At the very least because he is one of the myriad faithful quiet ones who fills our pews, of whom people might typically say, in perhaps dismissive fashion, “He leaves no shadow,” because he always seems to find himself in the proverbial shadows, stage right to the really “exciting things of consequence.”

At work in the “Mérode Altarpiece” (1420s), attributed to Robert Campin and his workshop

He's the one people call "simple” but who is wise in earthy ways, but whose wisdom may seem un-spectacular to the sophisticated or may fail to speak to the urgent “need of the age.”

He’s one of those rare persons who fulfills the words of 1 Thessalonians 4:11, the one who makes it his ambition to lead a quiet life, to mind his own business, and to work with his hands—and, as far as we can tell, always happily so.

He’s the silent but loyal husband to Mary, who does not expose her to disgrace and who does as the angel of the Lord commanded him, despite the many whispers of his neighbors and the sideways glances of his co-workers.

He’s the surrogate father to the Second Person of the Trinity, but who teaches his one-of-a-kind son both carpentry and faithfulness to Torah, things that his adopted child needed to learn in order to fulfill his adult calling.

He is also the one who, like his young wife, lets go of every dream that he ever had about the life that he had imagined for himself.

Georges de La Tour, "Joseph the Carpenter" (oil on canvas, 1642)

In the 15th century, preachers and spiritual writers began to turn their attention to Joseph.
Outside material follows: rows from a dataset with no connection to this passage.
(* Let $\Phi$ be a finite crystallographic root system with Weyl group $W$ and let $\beta,\gamma\in\Phi^+$. Then $|W^{(++)}(\beta,\gamma)|=|W^{(--)}(\beta,\gamma)|$ and $|W^{(+-)}(\beta,\gamma)|=|W^{(-+)}(\beta,\gamma)|$. If moreover $\beta\ne\gamma$, then $|W^{(++)}(\beta,\gamma)|=(\operatorname{ord}(\beta,\gamma)-1)\cdot|W^{(+-)}(\beta,\gamma)|$ if $\langle\beta,\gamma\rangle\ge0$, and $|W^{(+-)}(\beta,\gamma)|=(\operatorname{ord}(\beta,\gamma)-1)\cdot|W^{(++)}(\beta,\gamma)|$ if $\langle\beta,\gamma\rangle\le0$. In particular, all four sets $W^{(++)},W^{(--)},W^{(+-)},W^{(-+)}$ have equal cardinality if and only if $\beta$ and $\gamma$ are orthogonal.
   Context: $\Phi\subset V$ is a finite crystallographic root system in a Euclidean space with inner product $\langle\cdot,\cdot\rangle$, positive roots $\Phi^+$, negative roots $\Phi^-=-\Phi^+$. For signs $\varepsilon,\delta\in\{+,-\}$, $W^{(\varepsilon\delta)}(\beta,\gamma)=\{w\in W : \varepsilon\cdot w(\beta)\in\Phi^+,\ \delta\cdot w(\gamma)\in\Phi^+\}$. $\operatorname{ord}(\beta,\gamma)=\min\{k>0:(s_\beta s_\gamma)^k=e\}$ where $s_\beta$ is the reflection in $\beta$. *)

theory Defs
  imports "HOL-Analysis.Analysis"
begin

definition refl :: "'a::euclidean_space \<Rightarrow> 'a \<Rightarrow> 'a" where
  "refl \<alpha> x = x - ((2 * (x \<bullet> \<alpha>)) / (\<alpha> \<bullet> \<alpha>)) *\<^sub>R \<alpha>"

definition root_system :: "'a::euclidean_space set \<Rightarrow> bool" where
  "root_system \<Phi> \<longleftrightarrow>
     finite \<Phi> \<and> 0 \<notin> \<Phi> \<and>
     (\<forall>\<alpha>\<in>\<Phi>. refl \<alpha> ` \<Phi> = \<Phi>) \<and>
     (\<forall>\<alpha>\<in>\<Phi>. \<forall>\<beta>\<in>\<Phi>. 2 * (\<beta> \<bullet> \<alpha>) / (\<alpha> \<bullet> \<alpha>) \<in> \<int>) \<and>
     (\<forall>\<alpha>\<in>\<Phi>. \<forall>c::real. c *\<^sub>R \<alpha> \<in> \<Phi> \<longrightarrow> c = 1 \<or> c = -1)"

definition positive_system :: "'a::euclidean_space set \<Rightarrow> 'a set \<Rightarrow> bool" where
  "positive_system \<Phi> P \<longleftrightarrow>
     (\<exists>v. (\<forall>\<alpha>\<in>\<Phi>. \<alpha> \<bullet> v \<noteq> 0) \<and> P = {\<alpha>\<in>\<Phi>. \<alpha> \<bullet> v > 0})"

inductive_set weyl_group :: "'a::euclidean_space set \<Rightarrow> ('a \<Rightarrow> 'a) set"
  for \<Phi> :: "'a set" where
  weyl_id: "id \<in> weyl_group \<Phi>"
| weyl_step: "\<alpha> \<in> \<Phi> \<Longrightarrow> w \<in> weyl_group \<Phi> \<Longrightarrow> refl \<alpha> \<circ> w \<in> weyl_group \<Phi>"

text \<open>W^(\<epsilon>\<delta>)(\<beta>,\<gamma>); signs encoded as booleans (True = +).\<close>
definition Wsgn :: "'a::euclidean_space set \<Rightarrow> 'a set \<Rightarrow> bool \<Rightarrow> bool \<Rightarrow> 'a \<Rightarrow> 'a \<Rightarrow> ('a \<Rightarrow> 'a) set" where
  "Wsgn \<Phi> P \<epsilon> \<delta> \<beta> \<gamma> =
     {w \<in> weyl_group \<Phi>. (if \<epsilon> then w \<beta> else - w \<beta>) \<in> P \<and> (if \<delta> then w \<gamma> else - w \<gamma>) \<in> P}"

definition ord_refl :: "'a::euclidean_space \<Rightarrow> 'a \<Rightarrow> nat" where
  "ord_refl \<beta> \<gamma> = (LEAST k. k > 0 \<and> (refl \<beta> \<circ> refl \<gamma>) ^^ k = id)"

end

theory Submission
  imports Defs
begin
He is presented around this time, in the “lives of saints,” as a devoted young husband and father, an example for workers, a patron for the dying, and a protector of pilgrims and immigrants.

It’s a really beautiful picture, I find, one that invests him with the personal dignity and historical “heft” that he rightly deserves.

He deserves our admiration, moreover, because he's the one who models for us, I suggest, a contented life.

He’s the biblical character who craves no continuous praise or attention. He’s the one who steals no thunder from his fellow characters in the theater of the Incarnation. He’s the one who has learned the secret of being content in any and every situation, but not, I imagine, without struggle.

It's always easy, of course, to write such words about contentment. I’ve written about them before. I’ve preached them, and I have commended them to friends and family. But, as plenty of us know from firsthand experience, it is infinitely difficult to live out such words.

As God is my witness, I truly want to be content. I really do. But I'm not actually good at it. I keep seeing things around me that tempt me to become impossibly discontented, with my relationships, with my work, with the opportunities that seem to be denied or perpetually out of reach.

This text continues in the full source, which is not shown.